The former Thin Lizzy and Whitesnake guitarist supercharged blues-based riffing and soloing, and brought it squealing, and shredding into the brand-new decade. (Image credit: Pete Still/Redferns)

John Sykes may not be a household name, but any fan of ’80s hard rock knows his work. That’s Sykes’ dynamic playing – part masterful melodist, part muscular shredder – on Whitesnake mega-hits like “Still of the Night,” “Is This Love,” and the indomitable “Here I Go Again.”

Describing his goal with the formerly pub-rocking Whitesnake – whom he joined in 1983 and exited, under acrimonious circumstances, just after recording their massive-selling 1987 self-titled album – he said he wanted to bring in a “modern, edgy guitar sound with melody, finesse, and drive,” and that he did.

It’s also a pretty accurate description of Sykes’ guitar approach throughout his career. Sykes came on the scene in 1980 as a member of New Wave of British Heavy Metal also-rans Tygers of Pan Tang, but within a few he years hooked up with Phil Lynott in the final version of Thin Lizzy, joining the band for one album, Thunder and Lightning, and a farewell tour.

Tracks like “Thunder and Lightning” and the Lynott/Sykes co-write “Cold Sweat” showcased his massive, blues-rock-on-steroids-tone, which came courtesy of his 1978 Les Paul Custom “Black Beauty” through modded Marshalls (later Mesa/Boogies). 

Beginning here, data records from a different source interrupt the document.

(* Let $h>0$, $0<\alpha\le 0.1$, and let $\overline S=\{(kh,h):k\in\mathbb Z\}\subseteq S$ be the camera grid of resolution $\delta_d=h$. For every target $g\in G$, $$\overline\varepsilon(g)\;\le\;1.72\,\varepsilon(g,S),\qquad\text{where }\ \overline\varepsilon(g)=\min_{s_i,s_j\in\overline S}\varepsilon(g,\{s_i,s_j\}).$$
   Context: Work in $\mathbb{R}^2$ with coordinates $(x,z)$. The ground line is $G=\{z=0\}$ and the viewing line is $S=\{z=h\}$. For a point $s$ and unit vector $u$, the wedge $W(s,u)=\{s+rv:\ r\ge0,\ |v|=1,\ \angle(v,u)\le\alpha\}$ (opening angle $2\alpha$). For target $g$ and camera $s$, $\mathcal W(g,s)$ is the set of all wedges $W(s,u)$ containing $g$. For $C\subseteq S$, $\varepsilon(g,C)=\sup\{\operatorname{diam}(\bigcap_{s\in C}W_s): W_s\in\mathcal W(g,s)\ \forall s\in C\}$. *)

theory Defs
  imports "HOL-Analysis.Analysis"
begin

type_synonym pt = "real \<times> real"  (* (x,z) *)

definition vec_angle :: "pt \<Rightarrow> pt \<Rightarrow> real" where
  "vec_angle v u = arccos ((v \<bullet> u) / (norm v * norm u))"

definition wedge :: "real \<Rightarrow> pt \<Rightarrow> pt \<Rightarrow> pt set" where
  "wedge \<alpha> s u = {s + r *\<^sub>R v | r v. r \<ge> 0 \<and> norm v = 1 \<and> vec_angle v u \<le> \<alpha>}"

definition wedges :: "real \<Rightarrow> pt \<Rightarrow> pt \<Rightarrow> pt set set" where
  "wedges \<alpha> g s = {wedge \<alpha> s u | u. norm u = 1 \<and> g \<in> wedge \<alpha> s u}"

definition ediam :: "pt set \<Rightarrow> ereal" where
  "ediam A = Sup {ereal (dist x y) | x y. x \<in> A \<and> y \<in> A}"

definition eps :: "real \<Rightarrow> pt \<Rightarrow> pt set \<Rightarrow> ereal" where
  "eps \<alpha> g C = Sup {ediam (\<Inter>s\<in>C. W s) | W. \<forall>s\<in>C. W s \<in> wedges \<alpha> g s}"

definition ground :: "pt set" where "ground = {p. snd p = 0}"
definition viewline :: "real \<Rightarrow> pt set" where "viewline h = {p. snd p = h}"
definition grid :: "real \<Rightarrow> pt set" where "grid h = {(of_int k * h, h) | k. True}"

end

theory Submission
  imports Defs
begin

text \<open>Lower bound: below a ground target \<open>g\<close> put \<open>p = g - (0, 4\<alpha>h(1 + 2\<alpha>))\<close>. Every camera
  on the viewing line sees the segment \<open>gp\<close> under an angle at most \<open>2\<alpha>\<close>, so one admissible
  wedge per camera contains both points and \<open>\<epsilon>(g, S) \<ge> |gp|\<close>.

  Upper bound: take the two grid cameras two cells apart whose midpoint is the grid point
  nearest to \<open>g\<close>. They see \<open>g\<close> along nearly orthogonal directions, and each admissible axis
  is within \<open>\<alpha>\<close> of the direction to \<open>g\<close>, so \<open>|u\<^sub>1 \<cdot> u\<^sub>2| \<le> 1/8 + 2\<alpha>\<close>.
  For \<open>p, q\<close> in a wedge the component of \<open>q - p\<close> across its axis is at most
  \<open>tan \<alpha> (|p - s| + |q - s|)\<close>; for transversal axes the two cross components control
  \<open>|q - p|\<close> (a Lagrange identity). Applied first with \<open>q = g\<close> this shows that the intersection
  lies within \<open>7.7\<alpha>h\<close> of \<open>g\<close>, and applied again it bounds its diameter by
  \<open>1.72 \<cdot> 4\<alpha>h(1 + 2\<alpha>)\<close>.\<close>

lemma cos_ge_one_minus_half_sq: "1 - x\<^sup>2 / 2 \<le> cos (x :: real)"
proof -
  have "(sin (x / 2))\<^sup>2 \<le> (x / 2)\<^sup>2"
    using abs_sin_x_le_abs_x[of "x / 2"] by (metis abs_ge_zero power2_abs power_mono)
  then show ?thesis using cos_double_sin[of "x / 2"] by (simp add: power_divide)
qed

They also demonstrated a truly overwhelming lead style influenced by Sykes’ rock and metal forebears (Page, Blackmore, Gary Moore, et al.), with the intensity increased by 10 notches. 

In his hands, pentatonic runs were blistering bursts of alternate-picked lines that climaxed in screaming sustained notes and squealing artificial harmonics, spiked with tapped flurries, frantic tremolo-picked phrases, and wide, vocal-like vibratos. 

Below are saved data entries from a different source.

lemma Ck_add:
  fixes f g :: "real \<times> real \<Rightarrow> 'b::real_normed_vector"
  assumes "open U"
  shows "Ck k U f \<Longrightarrow> Ck k U g \<Longrightarrow> Ck k U (\<lambda>q. f q + g q)"
proof (induction k arbitrary: f g)
  case 0
  then show ?case by (simp add: continuous_on_add)
next
  case (Suc k)
  have "Ck k U (pd i (\<lambda>q. f q + g q))" if "i < 2" for i
  proof (rule Ck_cong[OF assms])
    show "Ck k U (\<lambda>q. pd i f q + pd i g q)"
      using Suc.IH Suc.prems that by simp
    show "pd i f q + pd i g q = pd i (\<lambda>q. f q + g q) q" if "q \<in> U" for q
      using pd_add Ck_Suc_differentiable_at[OF assms _ that] Suc.prems by metis
  qed
  then show ?case
    using Suc.prems by (simp add: differentiable_on_add)
qed

lemma Ck_bilinear:
  assumes "open U" "bounded_bilinear B"
  shows "Ck k U f \<Longrightarrow> Ck k U g \<Longrightarrow> Ck k U (\<lambda>q. B (f q) (g q))"
proof (induction k arbitrary: f g)
  case 0
  then show ?case using bounded_bilinear.continuous_on[OF assms(2)] by simp
next
  case (Suc k)
  note diff = Ck_Suc_differentiable_at[OF assms(1)]
  have "Ck k U (pd i (\<lambda>q. B (f q) (g q)))" if "i < 2" for i
  proof (rule Ck_cong[OF assms(1)])
    show "Ck k U (\<lambda>q. B (f q) (pd i g q) + B (pd i f q) (g q))"
      using Ck_add[OF assms(1)] Suc.IH[of f "pd i g"] Suc.IH[of "pd i f" g]
        Ck_SucD[of k U f] Ck_SucD[of k U g] Suc.prems that
      by simp
    show "B (f q) (pd i g q) + B (pd i f q) (g q) = pd i (\<lambda>q. B (f q) (g q)) q" if "q \<in> U" for q
      using pd_bilinear[OF assms(2) diff[OF Suc.prems(1) that] diff[OF Suc.prems(2) that]] by simp
  qed
  moreover have "(\<lambda>q. B (f q) (g q)) differentiable_on U"
    unfolding differentiable_on_eq_differentiable_at[OF assms(1)]
    using differentiable_bilinear[OF assms(2)] diff[OF Suc.prems(1)] diff[OF Suc.prems(2)] by blast
  ultimately show ?case by simp
qed

lemma Ck_inverse:
  fixes f :: "real \<times> real \<Rightarrow> real"
  assumes "open U" "\<And>q. q \<in> U \<Longrightarrow> f q \<noteq> 0"
  shows "Ck k U f \<Longrightarrow> Ck k U (\<lambda>q. inverse (f q))"
proof (induction k)
  case 0
  then show ?case using assms(2) by (auto intro!: continuous_on_inverse)
next
  case (Suc k)
  note diff = Ck_Suc_differentiable_at[OF assms(1) Suc.prems]
  have mult: "Ck k U a \<Longrightarrow> Ck k U b \<Longrightarrow> Ck k U (\<lambda>q. a q * b q)" for a b :: "real \<times> real \<Rightarrow> real"
    using Ck_bilinear[OF assms(1) bounded_bilinear_mult] by blast
  have inv: "Ck k U (\<lambda>q. inverse (f q))"
    using Suc.IH Suc.prems Ck_SucD by blast
  have "Ck k U (pd i (\<lambda>q. inverse (f q)))" if "i < 2" for i
  proof (rule Ck_cong[OF assms(1)])
    show "Ck k U (\<lambda>q. (-1) * (pd i f q * inverse (f q) * inverse (f q)))"
      using mult[OF Ck_const mult[OF mult[OF Ck_pd[OF Suc.prems] inv] inv]] by blast
    show "(-1) * (pd i f q * inverse (f q) * inverse (f q)) = pd i (\<lambda>q. inverse (f q)) q"
      if "q \<in> U" for q
      using pd_inverse[OF diff[OF that] assms(2)[OF that]] by simp
  qed
  moreover have "(\<lambda>q. inverse (f q)) differentiable_on U"
    using diff assms(2) by (simp add: differentiable_on_eq_differentiable_at[OF assms(1)])
  ultimately show ?case by simp
qed

lemma Cinf_on_Ck: "Cinf_on U f \<Longrightarrow> Ck k U f"
  unfolding Cinf_on_def by blast

lemma Cinf_on_pd: "Cinf_on U f \<Longrightarrow> Cinf_on U (pd i f)"
  unfolding Cinf_on_def using Ck_pd by blast

lemma Cinf_on_differentiable_at: "open U \<Longrightarrow> Cinf_on U f \<Longrightarrow> p \<in> U \<Longrightarrow> f differentiable (at p)"
  unfolding Cinf_on_def using Ck_Suc_differentiable_at by blast

lemma Cinf_on_cong:
  fixes f g :: "real \<times> real \<Rightarrow> 'b::real_normed_vector"
  shows "open U \<Longrightarrow> Cinf_on U f \<Longrightarrow> (\<And>q. q \<in> U \<Longrightarrow> f q = g q) \<Longrightarrow> Cinf_on U g"
  unfolding Cinf_on_def using Ck_cong by blast

lemma Cinf_on_const: "Cinf_on U (\<lambda>q. c)"
  unfolding Cinf_on_def using Ck_const by blast

lemma Cinf_on_add:
  fixes f g :: "real \<times> real \<Rightarrow> 'b::real_normed_vector"
  shows "open U \<Longrightarrow> Cinf_on U f \<Longrightarrow> Cinf_on U g \<Longrightarrow> Cinf_on U (\<lambda>q. f q + g q)"
  unfolding Cinf_on_def using Ck_add by blast

lemma Cinf_on_bilinear:
  "open U \<Longrightarrow> bounded_bilinear B \<Longrightarrow> Cinf_on U f \<Longrightarrow> Cinf_on U g \<Longrightarrow> Cinf_on U (\<lambda>q. B (f q) (g q))"
  unfolding Cinf_on_def using Ck_bilinear by blast

lemma Cinf_on_inverse:
  fixes f :: "real \<times> real \<Rightarrow> real"
  shows "open U \<Longrightarrow> (\<And>q. q \<in> U \<Longrightarrow> f q \<noteq> 0) \<Longrightarrow> Cinf_on U f \<Longrightarrow> Cinf_on U (\<lambda>q. inverse (f q))"
  unfolding Cinf_on_def using Ck_inverse by blast

lemma sum_lessThan_2: "(\<Sum>i<2. f i) = f 0 + f (1::nat)"
  by (simp add: numeral_2_eq_2)

section \<open>Symmetry of second partial derivatives\<close>

lemma norm_cbasis [simp]: "norm (cbasis i) = 1"
  by (simp add: cbasis_def)

lemma has_real_derivative_along_axis:
  fixes f :: "real \<times> real \<Rightarrow> real"
  assumes "f differentiable (at (q + s *\<^sub>R cbasis i))"
  shows "((\<lambda>s. f (q + s *\<^sub>R cbasis i)) has_real_derivative pd i f (q + s *\<^sub>R cbasis i)) (at s)"
proof -
  obtain D where D: "(f has_derivative D) (at (q + s *\<^sub>R cbasis i))"
    using assms unfolding differentiable_def by blast
  have line: "((\<lambda>s. q + s *\<^sub>R cbasis i) has_derivative (\<lambda>h. h *\<^sub>R cbasis i)) (at s)"
    by (auto intro!: derivative_eq_intros)
  have "((\<lambda>s. f (q + s *\<^sub>R cbasis i)) has_derivative (\<lambda>h. D (h *\<^sub>R cbasis i))) (at s)"
    using has_derivative_compose[OF line D] by (simp add: o_def)
  moreover have "(\<lambda>h. D (h *\<^sub>R cbasis i)) = (*) (pd i f (q + s *\<^sub>R cbasis i))"
    using linear.scaleR[OF has_derivative_linear[OF D]] pd_has_derivative[OF D]
    by (simp add: fun_eq_iff mult.commute)
  ultimately show ?thesis
    by (simp add: has_field_derivative_def)
qed

lemma mvt_along_axis:
  fixes f :: "real \<times> real \<Rightarrow> real"
  assumes "0 < h" "\<And>s. 0 \<le> s \<Longrightarrow> s \<le> h \<Longrightarrow> f differentiable (at (q + s *\<^sub>R cbasis i))"
  shows "\<exists>s. 0 < s \<and> s < h \<and> f (q + h *\<^sub>R cbasis i) - f q = h * pd i f (q + s *\<^sub>R cbasis i)"
  using MVT2[OF assms(1) has_real_derivative_along_axis[OF assms(2)]] by simp

lemma pd_difference_shift:
  fixes f :: "real \<times> real \<Rightarrow> real"
  assumes "f differentiable (at (y + c))" "f differentiable (at y)"
  shows "pd i (\<lambda>x. f (x + c) - f x) y = pd i f (y + c) - pd i f y"
    and "(\<lambda>x. f (x + c) - f x) differentiable (at y)"
proof -
  obtain D where D: "(f has_derivative D) (at (y + c))"
    using assms unfolding differentiable_def by blast
  obtain E where E: "(f has_derivative E) (at y)"
    using assms unfolding differentiable_def by blast
  have "((\<lambda>x. x + c) has_derivative (\<lambda>h. h)) (at y)"
    by (auto intro!: derivative_eq_intros)
  from has_derivative_compose[OF this D]
  have "((\<lambda>x. f (x + c) - f x) has_derivative (\<lambda>h. D h - E h)) (at y)"
    by (rule has_derivative_diff[OF _ E, unfolded o_def])
  then show "pd i (\<lambda>x. f (x + c) - f x) y = pd i f (y + c) - pd i f y"
    and "(\<lambda>x. f (x + c) - f x) differentiable (at y)"
    using pd_has_derivative[OF D] pd_has_derivative[OF E]
    by (auto simp: pd_has_derivative differentiable_def)
qed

Sykes later helped bring Whitesnake kicking and screaming into the shred-obsessed ’80s, where they sold a bazillion units of their 1987 self-titled album. For what it’s worth, Whitesnake leader David Coverdale had to hire not one but two guitarists to fill his prodigious shoes after Sykes left the band that same year. 

Key Track: “Still of the Night”

Mick Mars

Mick Mars

The Mötley Crüe traditionalist churned out some of the loudest, rudest, and most aggressive guitar licks of the ’80s. (Image credit: Ross Marino/Getty Images)

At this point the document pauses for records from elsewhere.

lemma satisfiable_wrtI:
  fixes D :: "('f, 'p, 'v) goal"
  assumes "\<And>x. x \<in> V \<Longrightarrow> ground (\<sigma> x)" and "\<And>x. x \<notin> V \<Longrightarrow> \<sigma> x = Var x"
    and "\<And>A. A \<in> set D \<Longrightarrow> \<exists>s t. A = Neq s t \<and> \<not> unifiable [tsubst \<sigma> s] [tsubst \<sigma> t]"
  shows "satisfiable_wrt D V"
  unfolding satisfiable_wrt_def
proof (intro exI conjI allI impI ballI)
  fix \<tau> :: "('f, 'v) subst"
  have "holds_atm (asubst \<tau> (asubst \<sigma> A))" if "A \<in> set D" for A
    using assms(3)[OF that] not_unifiable_tsubst[of _ _ \<tau>]
    by (auto simp: unifiable_def unifier_def)
  then show "holds (gsubst \<tau> (gsubst \<sigma> D))"
    by (auto simp: holds_def gsubst_def)
qed (use assms in auto)

lemma satisfiable_wrt_rmgu:
  assumes "rmgu \<theta> ss ts" and "unifier \<sigma> ss ts"
    and "\<And>x. x \<in> V \<Longrightarrow> ground (\<sigma> x)" and "\<And>x. x \<notin> V \<Longrightarrow> \<sigma> x = Var x"
    and "\<And>A. A \<in> set D \<Longrightarrow> \<exists>s t. A = Neq s t \<and> \<not> unifiable [tsubst \<sigma> s] [tsubst \<sigma> t]"
  shows "satisfiable_wrt (gsubst \<theta> D) V"
proof (rule satisfiable_wrtI)
  fix A
  assume "A \<in> set (gsubst \<theta> D)"
  then obtain A0 where "A0 \<in> set D" and "A = asubst \<theta> A0"
    by (auto simp: gsubst_def)
  then obtain s t where "A = Neq (tsubst \<theta> s) (tsubst \<theta> t)"
    and "\<not> unifiable [tsubst \<sigma> s] [tsubst \<sigma> t]"
    using assms(5) by fastforce
  then show "\<exists>s t. A = Neq s t \<and> \<not> unifiable [tsubst \<sigma> s] [tsubst \<sigma> t]"
    using unifier_tsubst_rmgu[OF assms(1,2)] by auto
qed (use assms(3,4) in auto)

Like Ace Frehley, Mick Mars had the misfortune of working with bandmates whose antics, both onstage and off, effectively overshadowed him. What’s more, Mars was a few years older than his ’80s guitar-playing peers when he joined the band and something of a traditionalist compared to the rest of the Sunset Strip crew. 

After all, he had grown up listening to the likes of Clapton, Beck, and Mike Bloomfield and playing in ’70s-era blues rock bar bands, rather than woodshedding two-handed tapping and other EVH techniques in his bedroom. Which means that he came at ’80s hard rock and metal from his own distinct, and less-peacocking, angle. 

“My goal was always to play something that fit and something that was memorable, not just a barrage of notes,” Mars said. “And because I didn’t play all the scales or do this or that, people thought that I was this crap guitar player.” Maybe at one time. Nowadays it’s widely known that Mars was the Crüe’s secret songwriting and sonic weapon.

He co-wrote ’80s anthems like “Girls, Girls, Girls” and “Dr. Feelgood,” and where many of his Sunset Strip peers liked trebly, overly distorted tones, his sound was flat-out massive. 

Credit this in part to his decision, beginning with Mötley’s 1981 debut, Too Fast for Love, to tune down a full step, as well as his attention to gear. In the band’s early days, he was often seen wielding a not-insubstantial Les Paul Custom “Black Beauty,” and more recently has kept an arsenal of humbucker-loaded Strats nearby. 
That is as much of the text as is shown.